Whether a large number of files becomes sluggish really depends on your file system. In any case, a common technique is to break large numbers of files into subfolders which usually does reasonably well at solving this problem.

As for updating, flock[0] solves this issue on operating systems which support it.

[0] http://linux.die.net/man/2/flock

sqrt17 · on Sept 22, 2015

Usenet news and maildir are cases where current operating systems already have to cope with that kind of load, so it's definitely possible.

The question is, can this be useful without becoming a partial and bug-ridden reimplementation of a NoSQL database (just because we have NoSQL databases that fit the bill and carry less maintenance costs wrt a spit-and-glue solution).

_hyn3 · on Sept 22, 2015

ReiserFS (v3) is a great small filesystem that's fantastic at lots of small files (and also copes great with power outage events, like on my laptop for the last 15 years).
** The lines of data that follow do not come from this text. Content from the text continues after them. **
(* Let $d\ge1$, $s\in(0,1)$ and $0<\lambda\le\Lambda$. Let $K:\mathbb{R}^d\to\mathbb{R}$ be a measurable kernel with $\lambda|y|^{-d-s}\le K(y)\le\Lambda|y|^{-d-s}$ and $K(y)=K(-y)$ for all $y\ne0$, and let $B=B_r(x_0)$ be an open ball with $r>0$. Then for every $x\in\partial B$ the limit \[ H_{K,B}(x)=\lim_{\varepsilon\to0^+}\int_{\mathbb{R}^d\setminus B_\varepsilon(x)}\tilde\chi_B(y)K(x-y)\,dy \] exists. Moreover, \[ \lambda r^{-s}H_{s,B_1}(e_1)\le H_{K,B}(x)\le\Lambda r^{-s}H_{s,B_1}(e_1)\qquad\text{for all }x\in\partial B, \] where \[ H_{s,B_1}(e_1)=\lim_{\varepsilon\to0^+}\int_{\mathbb{R}^d\setminus B_\varepsilon}\tilde\chi_{B_1(e_1)}(y)\frac{dy}{|y|^{d+s}} . \]
   Context: $B_\rho(x)$ is the open ball of radius $\rho$ centred at $x$, and $B_\rho=B_\rho(0)$. $e_1$ is the first standard basis vector. $\tilde\chi_F=\chi_{\mathbb{R}^d\setminus F}-\chi_F$, where $\chi_F$ is the characteristic function of $F$. *)

theory Defs
  imports "HOL-Analysis.Analysis"
begin

definition chi_tilde :: "'a set \<Rightarrow> 'a \<Rightarrow> real" where
  "chi_tilde F y = (if y \<in> F then -1 else 1)"

definition trunc_int :: "('a::euclidean_space \<Rightarrow> real) \<Rightarrow> 'a set \<Rightarrow> 'a \<Rightarrow> real \<Rightarrow> real" where
  "trunc_int K B x \<epsilon> = (LINT y : (UNIV - ball x \<epsilon>) | lebesgue. chi_tilde B y * K (x - y))"

definition H_KB :: "('a::euclidean_space \<Rightarrow> real) \<Rightarrow> 'a set \<Rightarrow> 'a \<Rightarrow> real" where
  "H_KB K B x = Lim (at_right 0) (trunc_int K B x)"

definition e1 :: "'a::euclidean_space" where
  "e1 = (SOME b. b \<in> Basis)"

definition H_s_B1_e1 :: "real \<Rightarrow> 'a::euclidean_space itself \<Rightarrow> real" where
  "H_s_B1_e1 s _ = Lim (at_right 0)
     (\<lambda>\<epsilon>. LINT y : (UNIV - ball (0::'a) \<epsilon>) | lebesgue.
        chi_tilde (ball (e1::'a) 1) y * (1 / norm y powr (real DIM('a) + s)))"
I've had tons of issues with ext3/4 (running out of extents, slow performance on lots of small files), btrfs (running out of metadata space when I still have hundreds of GB left?!), xfs (great on everything except lots of tiny files or power loss). It even supported reliable shrinking and growing on LVM.
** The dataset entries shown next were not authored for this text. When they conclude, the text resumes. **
(* Let $L,d\geq 1$ and let $G$ be an $(L,d)$-almost-biregular graph. Then $G$ has a non-empty subgraph $G'$ with average degree at least $d/2$ and maximum degree at most $4Ld$.
   Context: A bipartite graph $G$ is $(L,d)$-almost-biregular if it has parts $A$ and $B$ (with $A$ non-empty) such that $d_G(v)=d$ for every $v\in B$, and, writing $D=e(G)/|A|$, we have $D\geq d$ (equivalently $|A|\leq|B|$) and $d_G(u)\leq LD$ for every $u\in A$. Average degree is $2e/|V|$. *)

theory Defs
  imports Complex_Main
begin

definition simple_graph :: "'a set \<Rightarrow> 'a set set \<Rightarrow> bool" where
  "simple_graph V E \<longleftrightarrow> finite V \<and> (\<forall>e\<in>E. e \<subseteq> V \<and> card e = 2)"

definition degree :: "'a set set \<Rightarrow> 'a \<Rightarrow> nat" where
  "degree E v = card {e\<in>E. v \<in> e}"

definition bipartite_parts :: "'a set \<Rightarrow> 'a set set \<Rightarrow> 'a set \<Rightarrow> 'a set \<Rightarrow> bool" where
  "bipartite_parts V E A B \<longleftrightarrow> A \<union> B = V \<and> A \<inter> B = {} \<and>
     (\<forall>e\<in>E. \<exists>a\<in>A. \<exists>b\<in>B. e = {a, b})"

definition almost_biregular :: "real \<Rightarrow> nat \<Rightarrow> 'a set \<Rightarrow> 'a set set \<Rightarrow> bool" where
  "almost_biregular L d V E \<longleftrightarrow> simple_graph V E \<and>
     (\<exists>A B. bipartite_parts V E A B \<and> A \<noteq> {} \<and>
        (\<forall>v\<in>B. degree E v = d) \<and>
        (let D = real (card E) / real (card A) in
           real d \<le> D \<and> (\<forall>u\<in>A. real (degree E u) \<le> L * D)))"

definition subgraph :: "'a set \<Rightarrow> 'a set set \<Rightarrow> 'a set \<Rightarrow> 'a set set \<Rightarrow> bool" where
  "subgraph V' E' V E \<longleftrightarrow> V' \<subseteq> V \<and> E' \<subseteq> E \<and> (\<forall>e\<in>E'. e \<subseteq> V')"

definition average_degree :: "'a set \<Rightarrow> 'a set set \<Rightarrow> real" where
  "average_degree V E = 2 * real (card E) / real (card V)"

end

theory Submission
  imports Defs
begin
It's too bad no one is supporting it anymore, since the founder is in prison and the only other people who seem to be able to support it seem to be focused on a Reiser4 pipe dream instead of supporting great, reliable technology that had most of the bugs worked out a long time ago.

nodesocket · on Sept 22, 2015

> if you have many records (i.e. more than a couple hundred), the file system will have a lot of work to do and the whole thing becomes sluggish

On OS X, running the simple test which creates, reads, and deletes 1,000 documents is no problem. The big concern is reaching the maximum number of inodes or files in a single directory limit. This can be worked around by "sharding" into sub-directories based on the first character of the UUID.

amirouche · on Sept 22, 2015

wiredtiger is faster that LevelDB in my experience.

sqrt17 · on Sept 22, 2015

Interesting, hadn't heard of it. Thanks!